Старенький шкафчик в углу комнаты. Сколько помню себя, столько помню и этот шкафчик. Время от времени в доме что-то менялось, мебель, обои утварь, и только этот раритет неизменно оставался в одном и том же углу, храня в себе семейные  реликвии, документы и просто памятные вещи.

Каждого человека в жизни сопровождает определенный набор вещей. Некоторые из них жили и раньше, до того как стали собственностью их нынешнего владельца и будут жить после его ухода. Некоторые возникали ненадолго и исчезали. Но есть такие, которые живут только до тех пор, пока жив их хозяин и умирают вместе с ним. Чаше всего это ничего не значащие для окружающих безделушки - старые открытки со штампом 30-ти летней давности, часы, которые уже никогда не будут ходить или сережка, пара от которой давно потеряна.

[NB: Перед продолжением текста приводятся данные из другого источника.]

(* Let $K$ be a non-commutative division ring, let $R:=K[X,Y]$ be the polynomial ring over $K$ in two independent central indeterminates $X,Y$, and let $a,b\in K$ with $ab-ba\neq 0$. Then the pair $(X+a,-(Y+b))\in R^2$ is unimodular (there exist $x',y'\in R$ with $(X+a)x'-(Y+b)y'=1$) but not admissible (it is not the first row of any invertible $2\times2$ matrix over $R$).
   Context: A pair $(x,y)\in R^2$ is unimodular if $xx'+yy'=1$ for some $x',y'\in R$, and admissible if it is the first row of some invertible $2\times 2$ matrix over $R$. *)

theory Defs
  imports "HOL-Algebra.UnivPoly"
begin

definition division_ring_alg :: "('a, 'm) ring_scheme \<Rightarrow> bool" where
  "division_ring_alg K \<longleftrightarrow> ring K \<and> \<one>\<^bsub>K\<^esub> \<noteq> \<zero>\<^bsub>K\<^esub> \<and> Units K = carrier K - {\<zero>\<^bsub>K\<^esub>}"

text \<open>The polynomial ring K[X,Y] in two central indeterminates, realised as (K[X])[Y].\<close>
abbreviation UP2 :: "('a, 'm) ring_scheme \<Rightarrow> (nat \<Rightarrow> 'a, nat \<Rightarrow> nat \<Rightarrow> 'a) up_ring" where
  "UP2 K \<equiv> UP (UP K)"

definition constK :: "('a, 'm) ring_scheme \<Rightarrow> 'a \<Rightarrow> nat \<Rightarrow> nat \<Rightarrow> 'a" where
  "constK K c = monom (UP2 K) (monom (UP K) c 0) 0"

definition varX :: "('a, 'm) ring_scheme \<Rightarrow> nat \<Rightarrow> nat \<Rightarrow> 'a" where
  "varX K = monom (UP2 K) (monom (UP K) \<one>\<^bsub>K\<^esub> 1) 0"

definition varY :: "('a, 'm) ring_scheme \<Rightarrow> nat \<Rightarrow> nat \<Rightarrow> 'a" where
  "varY K = monom (UP2 K) \<one>\<^bsub>UP K\<^esub> 1"

definition unimodular :: "('b, 'n) ring_scheme \<Rightarrow> 'b \<Rightarrow> 'b \<Rightarrow> bool" where
  "unimodular R x y \<longleftrightarrow> x \<in> carrier R \<and> y \<in> carrier R \<and>
     (\<exists>x'\<in>carrier R. \<exists>y'\<in>carrier R. x \<otimes>\<^bsub>R\<^esub> x' \<oplus>\<^bsub>R\<^esub> y \<otimes>\<^bsub>R\<^esub> y' = \<one>\<^bsub>R\<^esub>)"

definition mat2_invertible :: "('b, 'n) ring_scheme \<Rightarrow> 'b \<Rightarrow> 'b \<Rightarrow> 'b \<Rightarrow> 'b \<Rightarrow> bool" where
  "mat2_invertible R p q c d \<longleftrightarrow>
     (\<exists>e\<in>carrier R. \<exists>f\<in>carrier R. \<exists>g\<in>carrier R. \<exists>h\<in>carrier R.
        p \<otimes>\<^bsub>R\<^esub> e \<oplus>\<^bsub>R\<^esub> q \<otimes>\<^bsub>R\<^esub> g = \<one>\<^bsub>R\<^esub> \<and>
        p \<otimes>\<^bsub>R\<^esub> f \<oplus>\<^bsub>R\<^esub> q \<otimes>\<^bsub>R\<^esub> h = \<zero>\<^bsub>R\<^esub> \<and>
        c \<otimes>\<^bsub>R\<^esub> e \<oplus>\<^bsub>R\<^esub> d \<otimes>\<^bsub>R\<^esub> g = \<zero>\<^bsub>R\<^esub> \<and>
        c \<otimes>\<^bsub>R\<^esub> f \<oplus>\<^bsub>R\<^esub> d \<otimes>\<^bsub>R\<^esub> h = \<one>\<^bsub>R\<^esub> \<and>
        e \<otimes>\<^bsub>R\<^esub> p \<oplus>\<^bsub>R\<^esub> f \<otimes>\<^bsub>R\<^esub> c = \<one>\<^bsub>R\<^esub> \<and>
        e \<otimes>\<^bsub>R\<^esub> q \<oplus>\<^bsub>R\<^esub> f \<otimes>\<^bsub>R\<^esub> d = \<zero>\<^bsub>R\<^esub> \<and>
        g \<otimes>\<^bsub>R\<^esub> p \<oplus>\<^bsub>R\<^esub> h \<otimes>\<^bsub>R\<^esub> c = \<zero>\<^bsub>R\<^esub> \<and>
        g \<otimes>\<^bsub>R\<^esub> q \<oplus>\<^bsub>R\<^esub> h \<otimes>\<^bsub>R\<^esub> d = \<one>\<^bsub>R\<^esub>)"

definition admissible :: "('b, 'n) ring_scheme \<Rightarrow> 'b \<Rightarrow> 'b \<Rightarrow> bool" where
  "admissible R x y \<longleftrightarrow> x \<in> carrier R \<and> y \<in> carrier R \<and>
     (\<exists>c\<in>carrier R. \<exists>d\<in>carrier R. mat2_invertible R x y c d)"

end

theory Submission
  imports Defs
begin

text \<open>Put x = X + a and y = Y + b. Since X and Y are central, x y - y x is the constant
  c = a b - b a, a unit of K, hence x (y c\<inverse>) - y (x c\<inverse>) = 1.
  If (x, -y) were the first row of an invertible matrix, the second components v of the
  solutions of x u - y v = 0 would all be right multiples of one such component h, say with
  x f = y h. The solution v = x c\<inverse> x is a nonzero constant in Y, so h is constant in Y, and
  comparing Y-coefficients in x f = y h gives h = (X + a) f1 with f1 \<in> K[X]. The solution
  v = x c\<inverse> y + 1 = h r then yields, in Y-degree 0, a right inverse of X + a in K[X],
  which is impossible for degree reasons.\<close>

definition zero_divisor_free :: "('a, 'm) ring_scheme \<Rightarrow> bool" where
  "zero_divisor_free R \<longleftrightarrow>
     (\<forall>x\<in>carrier R. \<forall>y\<in>carrier R. x \<otimes>\<^bsub>R\<^esub> y = \<zero>\<^bsub>R\<^esub> \<longrightarrow> x = \<zero>\<^bsub>R\<^esub> \<or> y = \<zero>\<^bsub>R\<^esub>)"

lemma division_ring_alg_zero_divisor_free:
  assumes "division_ring_alg K"
  shows "zero_divisor_free K"
  unfolding zero_divisor_free_def
proof (intro ballI impI)
  fix x y assume xy: "x \<in> carrier K" "y \<in> carrier K" "x \<otimes>\<^bsub>K\<^esub> y = \<zero>\<^bsub>K\<^esub>"
  interpret K: ring K using assms by (simp add: division_ring_alg_def)
  show "x = \<zero>\<^bsub>K\<^esub> \<or> y = \<zero>\<^bsub>K\<^esub>"
  proof (cases "x = \<zero>\<^bsub>K\<^esub>")
    case False
    then have "x \<in> Units K" using assms xy by (simp add: division_ring_alg_def)
    then show ?thesis using xy by (metis K.Units_l_cancel K.r_null K.zero_closed)
  qed simp
qed

lemma (in ring) commutator_mult:
  assumes "x \<in> carrier R" "y \<in> carrier R" "z \<in> carrier R"
  shows "x \<otimes> (y \<otimes> z) \<oplus> \<ominus> y \<otimes> (x \<otimes> z) = (x \<otimes> y \<ominus> y \<otimes> x) \<otimes> z"
  using assms by (simp add: m_assoc[symmetric] minus_eq l_distr l_minus)

lemma (in ring) unimodular_if_commutator_unit:
  assumes x: "x \<in> carrier R" and y: "y \<in> carrier R"
    and unit: "x \<otimes> y \<ominus> y \<otimes> x \<in> Units R"
  shows "unimodular R x (\<ominus> y)"
proof -
  define c' where "c' = inv (x \<otimes> y \<ominus> y \<otimes> x)"
  have c': "c' \<in> carrier R" "(x \<otimes> y \<ominus> y \<otimes> x) \<otimes> c' = \<one>"
    using unit by (simp_all add: c'_def)
  then have "x \<otimes> (y \<otimes> c') \<oplus> \<ominus> y \<otimes> (x \<otimes> c') = \<one>"
    using x y by (simp add: commutator_mult)
  then show ?thesis
    unfolding unimodular_def using x y c' by blast
qed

И живут все эти вещи ровно столько, сколько события, связанные с ними, живут в памяти их владельца. И умирают немедленно, как только обрывается эта нить.

Старики редко что – то выбрасывают. Им легче не купить что-то новое, чем расстаться с тем, к чему привыкли и с чем прожили жизнь. Поэтому вопрос  - «Мама, зачем Вам этот хлам?» как правило, остается без ответа. Невозможно объяснить то, к чему можно только прийти c годами.

Я открыл дверцу. В моих руках оказывались:  то какая-то керамическая статуэтка с надколотым основанием, то, перевязанная выцветшей ленточкой, картонная коробочка, то календарь за 1966-й год... А вот эту вещицу я помню – ее подарили маме на какой-то юбилей, и она долго занимала почетное место в гостиной. Вероятно, все эти вещи имели для нее значение и как-то связывали с ушедшими годами.
Я доставал вещи одну за другой, подолгу разглядывал, пытаясь вспомнить их значение. Иногда это удавалось и в памяти, цепляясь одно за другое, возникала цепь давно забытых событий, о которых я не вспомнил бы, наверное, уже никогда.
Последним я достал толстый сверток, обернутый в пожелтевшую газету и туго перевязанный  бечевкой.  Повозившись с завязанным когда-то давно узлом, я развернул его и обнаружил внутри толстую, спрессованную временем пачку старых  писем. Почерк на конвертах показался знакомым, но понять окончательно, что это, я смог  только надев очки.

Это были мои письма! Аккуратно сложенные, рассортированные по годам, месяцам и дням, от первого до последнего все мои письма из армии!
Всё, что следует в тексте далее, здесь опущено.